There are parallels between the tulip bulb bubble and Bitcoin. The very nature of Bitcoin’s limited supply is attracting people who are hoarding the currency like the bulb buyers. Last year, China made up the bulk of trading in Bitcoin before its government clamped down. However, according to research firm CryptoCompare, by November 2017, nearly 80% of Bitcoin trading activity was coming from Japan, South Korea, and Vietnam. U.S. investors are now pouring in; perhaps we are now the “unenlightened foreigners?”

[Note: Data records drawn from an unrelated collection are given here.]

lemma orbit_count_split: "orbit_count X Q = orbit_count X P + 1"
proof -
  let ?RP = "orbit_rel X P" and ?RQ = "orbit_rel X Q"
  let ?O = "?RP `` {a}" and ?Oa = "?RQ `` {a}" and ?Ob = "?RQ `` {b}"
  have in_own_class: "a \<in> ?Oa" "b \<in> ?Ob" "a \<in> ?O" "b \<in> ?O"
    using Q.reaches_refl[OF a_in] Q.reaches_refl[OF b_in] reaches_refl[OF a_in] reaches_ab
    by (auto simp: orbit_rel_Image)
  have apart: "b \<notin> ?Oa" "a \<notin> ?Ob"
    using reaches_Q_a_iff Q.reaches_sym by (auto simp: orbit_rel_Image)
  have sub: "?Oa \<subseteq> ?O" "?Ob \<subseteq> ?O"
    using reaches_Q_a_iff reaches_Q_b_iff reaches_trans[OF reaches_ab] by (auto simp: orbit_rel_Image)
  have class_meeting_O: "D = ?O" if "D \<in> X // ?RP" "x \<in> D" "x \<in> ?O" for D x
    using quotient_disj[OF equiv_orbit_rel that(1) quotientI[OF a_in]] that(2,3) by blast
  have "?Oa \<notin> X // ?RP" "?Ob \<notin> X // ?RP"
    using class_meeting_O in_own_class sub apart by blast+
  moreover have "?Oa \<noteq> ?Ob" using apart(1) in_own_class(2) by metis
  ultimately show ?thesis
    unfolding orbit_count_def orbit_quotient_Q
    using card_replace_by_two[OF finite_orbit_quotient quotientI[OF a_in]] by simp
qed

end

text \<open>Seen from \<open>c\<close>, the points \<open>e\<close> and \<open>f\<close> lie on different sides of \<open>d\<close>: on the circle of the
  orbit, the chord \<open>e f\<close> crosses the chord \<open>c d\<close>.\<close>

definition chords_cross :: "'a set \<Rightarrow> ('a \<Rightarrow> 'a) \<Rightarrow> 'a \<Rightarrow> 'a \<Rightarrow> 'a \<Rightarrow> 'a \<Rightarrow> bool" where
  "chords_cross X P c d e f \<longleftrightarrow> reaches X P c d \<and> reaches X P c e \<and> reaches X P c f \<and>
     ((orbit_dist P c e < orbit_dist P c d) \<noteq> (orbit_dist P c f < orbit_dist P c d))"

lemma chords_cross_commute_right: "chords_cross X P c d e f = chords_cross X P c d f e"
  unfolding chords_cross_def by blast

context orbit_split
begin

lemma reaches_Q_iff_not_cross:
  assumes "c \<in> X"
  shows "reaches X Q c d \<longleftrightarrow> reaches X P c d \<and> \<not> chords_cross X P a b c d"
proof (cases "reaches X P a c")
  case True
  then show ?thesis
    using reaches_Q_iff[OF True, of d] reaches_commute[OF True] reaches_ab
    unfolding chords_cross_def by auto
next
  case False
  then show ?thesis using reaches_Q_outside[OF assms False] unfolding chords_cross_def by simp
qed
lemma mult_mat_vec_finsum:
  fixes A :: "'a :: comm_ring_1 mat"
  assumes "A \<in> carrier_mat m n" "finite J" "u \<in> J \<rightarrow> carrier_vec n"
  shows "A *\<^sub>v finsum_vec TYPE('a) n u J = finsum_vec TYPE('a) m (\<lambda>j. A *\<^sub>v u j) J"
  using assms(2,3)
proof (induction J rule: finite_induct)
  case empty
  then show ?case using assms(1) by (auto simp: finsum_vec_empty intro!: eq_vecI)
next
  case (insert j J)
  have "finsum_vec TYPE('a) n u J \<in> carrier_vec n"
    using insert by (intro finsum_vec_closed) auto
  then show ?case
    using insert assms(1)
    by (simp add: finsum_vec_insert finsum_vec_closed mult_add_distrib_mat_vec Pi_iff)
qed

lemma subspace_sum_mult_mat_vec:
  assumes "H \<in> carrier_mat m L" "finite J" "\<And>j. j \<in> J \<Longrightarrow> W j \<subseteq> carrier_vec L"
    and "v \<in> subspace_sum L W J"
  shows "H *\<^sub>v v \<in> subspace_sum m (\<lambda>j. (\<lambda>w. H *\<^sub>v w) ` W j) J"
proof -
  obtain u where u: "\<And>j. j \<in> J \<Longrightarrow> u j \<in> W j"
    and v: "v = finsum (module_vec TYPE(complex) L) u J"
    using assms(4) unfolding subspace_sum_def by blast
  have "H *\<^sub>v v = finsum (module_vec TYPE(complex) m) (\<lambda>j. H *\<^sub>v u j) J"
    using mult_mat_vec_finsum[OF assms(1,2), of u] u assms(3) v
    by (auto simp: vec_space.finsum_vec)
  then show ?thesis unfolding subspace_sum_def using u by blast
qed

lemma subspace_sum_index_eq_0:
  assumes "finite J" "\<And>j. j \<in> J \<Longrightarrow> W j \<subseteq> carrier_vec L" "t < L"
    and "\<And>j w. j \<in> J \<Longrightarrow> w \<in> W j \<Longrightarrow> w $ t = 0" "v \<in> subspace_sum L W J"
  shows "v $ t = 0"
proof -
  obtain u where u: "\<And>j. j \<in> J \<Longrightarrow> u j \<in> W j"
    and v: "v = finsum (module_vec TYPE(complex) L) u J"
    using assms(5) unfolding subspace_sum_def by blast
  have "v $ t = (\<Sum>j\<in>J. u j $ t)"
    using index_finsum_vec[OF assms(1,3), of u] u assms(2) v by (auto simp: vec_space.finsum_vec)
  then show ?thesis using u assms(4) by simp
qed

lemma subspace_sum_submodule:
  assumes "finite J" "\<And>j. j \<in> J \<Longrightarrow> csubspace L (W j)"
  shows "csubspace L (subspace_sum L W J)"
proof -
  interpret cv: vec_space "TYPE(complex)" L .
  have carrier: "W j \<subseteq> carrier_vec L" and zero: "0\<^sub>v L \<in> W j"
    and add: "\<And>v w. v \<in> W j \<Longrightarrow> w \<in> W j \<Longrightarrow> v + w \<in> W j"
    and smult: "\<And>c v. v \<in> W j \<Longrightarrow> c \<cdot>\<^sub>v v \<in> W j" if "j \<in> J" for j
    using submodule.subset[OF assms(2)[OF that]] submodule.zero_closed[OF assms(2)[OF that]]
      submodule.m_closed[OF assms(2)[OF that]] submodule.smult_closed[OF assms(2)[OF that]]
    by simp_all
  have mem: "finsum cv.V u J \<in> subspace_sum L W J" if "\<And>j. j \<in> J \<Longrightarrow> u j \<in> W j" for u
    using that unfolding subspace_sum_def by blast
  have Pi: "u \<in> J \<rightarrow> carrier_vec L" if "\<And>j. j \<in> J \<Longrightarrow> u j \<in> W j" for u
    using that carrier by blast
  show ?thesis
  proof (unfold_locales)
    show "subspace_sum L W J \<subseteq> carrier cv.V"
      unfolding subspace_sum_def using Pi cv.finsum_closed by auto
    have "finsum cv.V (\<lambda>_. 0\<^sub>v L) J = 0\<^sub>v L"
      using cv.finsum_zero[of J] by simp
    then show "\<zero>\<^bsub>cv.V\<^esub> \<in> subspace_sum L W J"
      using mem[of "\<lambda>_. 0\<^sub>v L"] zero by simp
  next
    fix v w assume "v \<in> subspace_sum L W J" "w \<in> subspace_sum L W J"
    then obtain u u' where u: "\<And>j. j \<in> J \<Longrightarrow> u j \<in> W j" "v = finsum cv.V u J"
      and u': "\<And>j. j \<in> J \<Longrightarrow> u' j \<in> W j" "w = finsum cv.V u' J"
      unfolding subspace_sum_def by blast
    have "v \<oplus>\<^bsub>cv.V\<^esub> w = finsum cv.V (\<lambda>j. u j + u' j) J"
      using cv.finsum_addf[OF Pi[OF u(1)] Pi[OF u'(1)]] u(2) u'(2) by simp
    then show "v \<oplus>\<^bsub>cv.V\<^esub> w \<in> subspace_sum L W J"
      using mem[of "\<lambda>j. u j + u' j"] add u(1) u'(1) by simp
  next
    fix c v assume "v \<in> subspace_sum L W J"
    then obtain u where u: "\<And>j. j \<in> J \<Longrightarrow> u j \<in> W j" "v = finsum cv.V u J"
      unfolding subspace_sum_def by blast
    have "c \<odot>\<^bsub>cv.V\<^esub> v = finsum cv.V (\<lambda>j. c \<cdot>\<^sub>v u j) J"
      using cv.finsum_smult[OF _ Pi[OF u(1)], of c] u(2) by simp
    then show "c \<odot>\<^bsub>cv.V\<^esub> v \<in> subspace_sum L W J"
      using mem[of "\<lambda>j. c \<cdot>\<^sub>v u j"] smult u(1) by simp
  qed
qed

lemma subspace_sum_mono:
  assumes "finite J'" "J \<subseteq> J'" "\<And>j. j \<in> J' \<Longrightarrow> csubspace L (W j)"
  shows "subspace_sum L W J \<subseteq> subspace_sum L W J'"
proof
  interpret cv: vec_space "TYPE(complex)" L .
  fix v assume "v \<in> subspace_sum L W J"
  then obtain u where u: "\<And>j. j \<in> J \<Longrightarrow> u j \<in> W j" and v: "v = finsum cv.V u J"
    unfolding subspace_sum_def by blast
  let ?u = "\<lambda>j. if j \<in> J then u j else 0\<^sub>v L"
  have u': "?u j \<in> W j" if "j \<in> J'" for j
    using u submodule.zero_closed[OF assms(3)[OF that]] by simp
  have "?u \<in> J' \<rightarrow> carrier_vec L"
    using u' csubspace_carrier[OF assms(3)] by blast
  then have "v = finsum cv.V ?u J'"
    unfolding v by (intro cv.add.finprod_mono_neutral_cong_left[OF assms(1,2)]) simp_all
  then show "v \<in> subspace_sum L W J'"
    unfolding subspace_sum_def using u' by blast
qed

lemma subspace_sum_upper:
  assumes "finite J" "j \<in> J" "\<And>j. j \<in> J \<Longrightarrow> csubspace L (W j)"
  shows "W j \<subseteq> subspace_sum L W J"
proof
  interpret cv: vec_space "TYPE(complex)" L .
  fix w assume w: "w \<in> W j"
  let ?u = "\<lambda>k. if j = k then w else 0\<^sub>v L"
  have u: "?u k \<in> W k" if "k \<in> J" for k
    using w submodule.zero_closed[OF assms(3)[OF that]] by auto
  have "w \<in> carrier_vec L"
    using w csubspace_carrier[OF assms(3)[OF assms(2)]] by blast
  then have "w = finsum cv.V ?u J"
    using cv.add.finprod_singleton[OF assms(2,1), of "\<lambda>_. w"] by simp
  then show "w \<in> subspace_sum L W J"
    unfolding subspace_sum_def using u by blast
qed

lemma chan_mat_carrier: "chan_mat L h i \<in> carrier_mat L L"
  by (simp add: chan_mat_def)

lemma index_chan_mat_mult:
  assumes "A \<in> carrier_mat L n" "r < L" "c < n"
  shows "(chan_mat L h i * A) $$ (r, c) = h (i, r) * A $$ (r, c)"
proof -
  have "row (chan_mat L h i) r = h (i, r) \<cdot>\<^sub>v unit_vec L r"
    using assms(2) by (intro eq_vecI) (auto simp: chan_mat_def)
  then show ?thesis using assms by (simp add: chan_mat_def)
qed

section \<open>The converse bound\<close>

lemma lin_indpt_insert_notin_submodule:
  assumes "csubspace L N" "T \<subseteq> N" "clin_indpt L T" "w \<in> carrier_vec L" "w \<notin> N"
  shows "clin_indpt L (insert w T)"
proof -
  interpret cv: vec_space "TYPE(complex)" L .
  have T: "T \<subseteq> carrier_vec L" using assms(2) csubspace_carrier[OF assms(1)] by blast
  have "w \<notin> cv.span T" using cv.span_is_subset[OF assms(2,1)] assms(5) by blast
  moreover have "w \<notin> T" using assms(2,5) by blast
  ultimately have "clin_indpt L (T \<union> {w})"
    using cv.lin_dep_iff_in_span[OF _ assms(3)] T assms(4) by simp
  moreover have "T \<union> {w} = insert w T" by blast
  ultimately show ?thesis by simp
qed

lemma lin_indpt_extend_along_subspace_sum:
  assumes W: "\<And>j. j < K \<Longrightarrow> csubspace L (W j)"
    and S: "S \<subseteq> W 0" "clin_indpt L S" "finite S"
    and w: "\<And>i. i < K \<Longrightarrow> w i \<in> W i"
      "\<And>i. i < K \<Longrightarrow> w i \<notin> subspace_sum L W ({..<K} - {i})"
    and "k < K"
  shows "\<exists>T \<subseteq> subspace_sum L W {..k}. clin_indpt L T \<and> finite T \<and> card T = card S + k"
  using \<open>k < K\<close>
proof (induction k)
  case 0
  have "W 0 \<subseteq> subspace_sum L W {..0}"
    using 0 W by (intro subspace_sum_upper[where W = W and L = L and j = 0]) auto
  then show ?case using S by (intro exI[of _ S]) auto
next
  case (Suc k)
  obtain T where T: "T \<subseteq> subspace_sum L W {..k}" "clin_indpt L T" "finite T" "card T = card S + k"
    using Suc.IH[OF Suc_lessD[OF Suc.prems]] by blast
  let ?w = "w (Suc k)" and ?N = "subspace_sum L W ({..<K} - {Suc k})"
  have "subspace_sum L W {..k} \<subseteq> ?N"
    using Suc.prems W by (intro subspace_sum_mono[where W = W and L = L and J = "{..k}"]) auto
  then have "T \<subseteq> ?N" using T(1) by blast
  have "csubspace L ?N"
    using W by (intro subspace_sum_submodule[where W = W and L = L]) auto
  have "?w \<in> carrier_vec L"
    using w(1)[OF Suc.prems] csubspace_carrier[OF W[OF Suc.prems]] by blast
  have "?w \<notin> ?N" using w(2)[OF Suc.prems] .
  have indpt: "clin_indpt L (insert ?w T)"
    by (rule lin_indpt_insert_notin_submodule[OF \<open>csubspace L ?N\<close> \<open>T \<subseteq> ?N\<close> T(2)
          \<open>?w \<in> carrier_vec L\<close> \<open>?w \<notin> ?N\<close>])
  have "?w \<notin> T" using \<open>T \<subseteq> ?N\<close> \<open>?w \<notin> ?N\<close> by blast
  then have card: "card (insert ?w T) = card S + Suc k" using T(3,4) by simp
  have "subspace_sum L W {..k} \<subseteq> subspace_sum L W {..Suc k}"
    using Suc.prems W by (intro subspace_sum_mono[where W = W and L = L and J = "{..k}"]) auto
  moreover have "W (Suc k) \<subseteq> subspace_sum L W {..Suc k}"
    using Suc.prems W by (intro subspace_sum_upper[where W = W and L = L and j = "Suc k"]) auto
  ultimately have "insert ?w T \<subseteq> subspace_sum L W {..Suc k}"
    using T(1) w(1)[OF Suc.prems] by blast
  then show ?case using indpt card T(3) by blast
qed
lemma commute_if_absorbed:
  assumes ef: "munn_jordan P e f = 0" and yy: "munn_jordan P y y = 0"
    and ey: "munn_jordan P e y = y" and fy: "munn_jordan P f y = y"
  shows "\<phi> e y = \<phi> y e"
proof -
  have "munn_jordan P y (e - f) = 0"
    using ey fy by (simp add: munn_jordan_diff_right munn_jordan_commute[of P y])
  then have "\<phi> y (e - f) = 0"
    by (rule vanish)
  moreover have "munn_jordan P (e + y) (f - y) = 0"
    using ef yy ey fy
    by (simp add: munn_jordan_add_left munn_jordan_diff_right munn_jordan_commute[of P y f])
  then have "\<phi> (e + y) (f - y) = 0"
    by (rule vanish)
  moreover have "\<phi> e f = 0" "\<phi> y y = 0"
    using ef yy vanish by auto
  ultimately show ?thesis
    by (simp add: add_left diff_left diff_right)
qed

lemma vec_bilinear_inner_factors: "vec_bilinear (\<lambda>v s. \<phi> (outer u v) (outer s t))"
  by unfold_locales (simp_all add: outer_add_left outer_add_right outer_scale_left
      outer_scale_right add_left add_right scale_left scale_right)

lemma outer_factor:
  assumes one: "pairing P v\<^sub>1 s\<^sub>1 = 1" and "pairing P t u = 0"
  shows "\<phi> (outer u v) (outer s t) = pairing P v s * \<phi> (outer u v\<^sub>1) (outer s\<^sub>1 t)"
proof -
  interpret vec_bilinear "\<lambda>v s. \<phi> (outer u v) (outer s t)"
    by (rule vec_bilinear_inner_factors)
  show ?thesis
    using assms
    by (intro eq_mult_if_vanishes_with[OF pairing.vec_bilinear_axioms one] vanish)
      (simp add: munn_jordan_outer)
qed

end

locale zero_jordan_functional_biorthogonal =
  zero_jordan_functional P \<phi> for P :: "'a::field^'m^'n" and \<phi> +
  fixes v\<^sub>1 v\<^sub>2 s\<^sub>1 s\<^sub>2
  assumes one_11: "pairing P v\<^sub>1 s\<^sub>1 = 1" and one_22: "pairing P v\<^sub>2 s\<^sub>2 = 1"
    and zero_12: "pairing P v\<^sub>1 s\<^sub>2 = 0" and zero_21: "pairing P v\<^sub>2 s\<^sub>1 = 0"
    and two_neq_zero: "(2::'a) \<noteq> 0"
begin

lemma commute_anchor_left:
  assumes "pairing P v\<^sub>1 s = 0"
  shows "\<phi> (outer s\<^sub>1 v\<^sub>1) (outer s v\<^sub>1) = \<phi> (outer s v\<^sub>1) (outer s\<^sub>1 v\<^sub>1)"
proof -
  have commute: "\<phi> (outer s\<^sub>1 v\<^sub>1) (outer \<sigma> v\<^sub>1) = \<phi> (outer \<sigma> v\<^sub>1) (outer s\<^sub>1 v\<^sub>1)"
    if "pairing P v\<^sub>1 \<sigma> = 0" "pairing P v\<^sub>2 \<sigma> = 1" for \<sigma>
    by (rule commute_if_absorbed[where f = "outer \<sigma> v\<^sub>2"])
      (simp_all add: munn_jordan_outer one_11 zero_21 that)
  define k where "k = 1 - pairing P v\<^sub>2 s"
  have "pairing P v\<^sub>1 (s + k *s s\<^sub>2) = 0" "pairing P v\<^sub>2 (s + k *s s\<^sub>2) = 1"
    using assms
    by (simp_all add: pairing.add_right pairing.diff_right pairing.scale_right zero_12 one_22 k_def)
  then have "\<phi> (outer s\<^sub>1 v\<^sub>1) (outer (s + k *s s\<^sub>2) v\<^sub>1)
      = \<phi> (outer (s + k *s s\<^sub>2) v\<^sub>1) (outer s\<^sub>1 v\<^sub>1)"
    by (rule commute)
  moreover have "\<phi> (outer s\<^sub>1 v\<^sub>1) (outer s\<^sub>2 v\<^sub>1) = \<phi> (outer s\<^sub>2 v\<^sub>1) (outer s\<^sub>1 v\<^sub>1)"
    by (rule commute) (simp_all add: zero_12 one_22)
  ultimately show ?thesis
    by (simp add: outer_add_left outer_scale_left add_left add_right scale_left scale_right)
qed

lemma commute_anchor_right:
  assumes "pairing P v s\<^sub>1 = 0"
  shows "\<phi> (outer s\<^sub>1 v\<^sub>1) (outer s\<^sub>1 v) = \<phi> (outer s\<^sub>1 v) (outer s\<^sub>1 v\<^sub>1)"
proof -
  have commute: "\<phi> (outer s\<^sub>1 v\<^sub>1) (outer s\<^sub>1 \<nu>) = \<phi> (outer s\<^sub>1 \<nu>) (outer s\<^sub>1 v\<^sub>1)"
    if "pairing P \<nu> s\<^sub>1 = 0" "pairing P \<nu> s\<^sub>2 = 1" for \<nu>
    by (rule commute_if_absorbed[where f = "outer s\<^sub>2 \<nu>"])
      (simp_all add: munn_jordan_outer one_11 zero_12 that)
  define k where "k = 1 - pairing P v s\<^sub>2"
  have "pairing P (v + k *s v\<^sub>2) s\<^sub>1 = 0" "pairing P (v + k *s v\<^sub>2) s\<^sub>2 = 1"
    using assms
    by (simp_all add: pairing.add_left pairing.diff_left pairing.scale_left zero_21 one_22 k_def)
  then have "\<phi> (outer s\<^sub>1 v\<^sub>1) (outer s\<^sub>1 (v + k *s v\<^sub>2))
      = \<phi> (outer s\<^sub>1 (v + k *s v\<^sub>2)) (outer s\<^sub>1 v\<^sub>1)"
    by (rule commute)
  moreover have "\<phi> (outer s\<^sub>1 v\<^sub>1) (outer s\<^sub>1 v\<^sub>2) = \<phi> (outer s\<^sub>1 v\<^sub>2) (outer s\<^sub>1 v\<^sub>1)"
    by (rule commute) (simp_all add: zero_21 one_22)
  ultimately show ?thesis
    by (simp add: outer_add_right outer_scale_right add_left add_right scale_left scale_right)
qed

It is impossible to predict when the Bitcoin bubble will burst but there are many risk factors that could trigger a selloff. Government regulation is slow to catch up to rapidly changing technology, but it would be easy for countries to ban the convertibility of Bitcoin or any digital currency into their own. Grounds for doing so are easy, as the currency has a history of transactions with criminals and other shady characters. Bitcoin is subject to hackers, malware, and operational glitches. According to Wikipedia, there have been 19 thefts and exchange shutdowns since the creation of Bitcoin. There is no insurance like the FDIC provides on your bank account and no fraud protection as the permanent nature of Bitcoin transactions is comparable to using cash.
If you gave me a choice between bitcoin and tulips, I really like the Flaming Flag Triumph tulip, available for $6.00 from Tulipworld.com.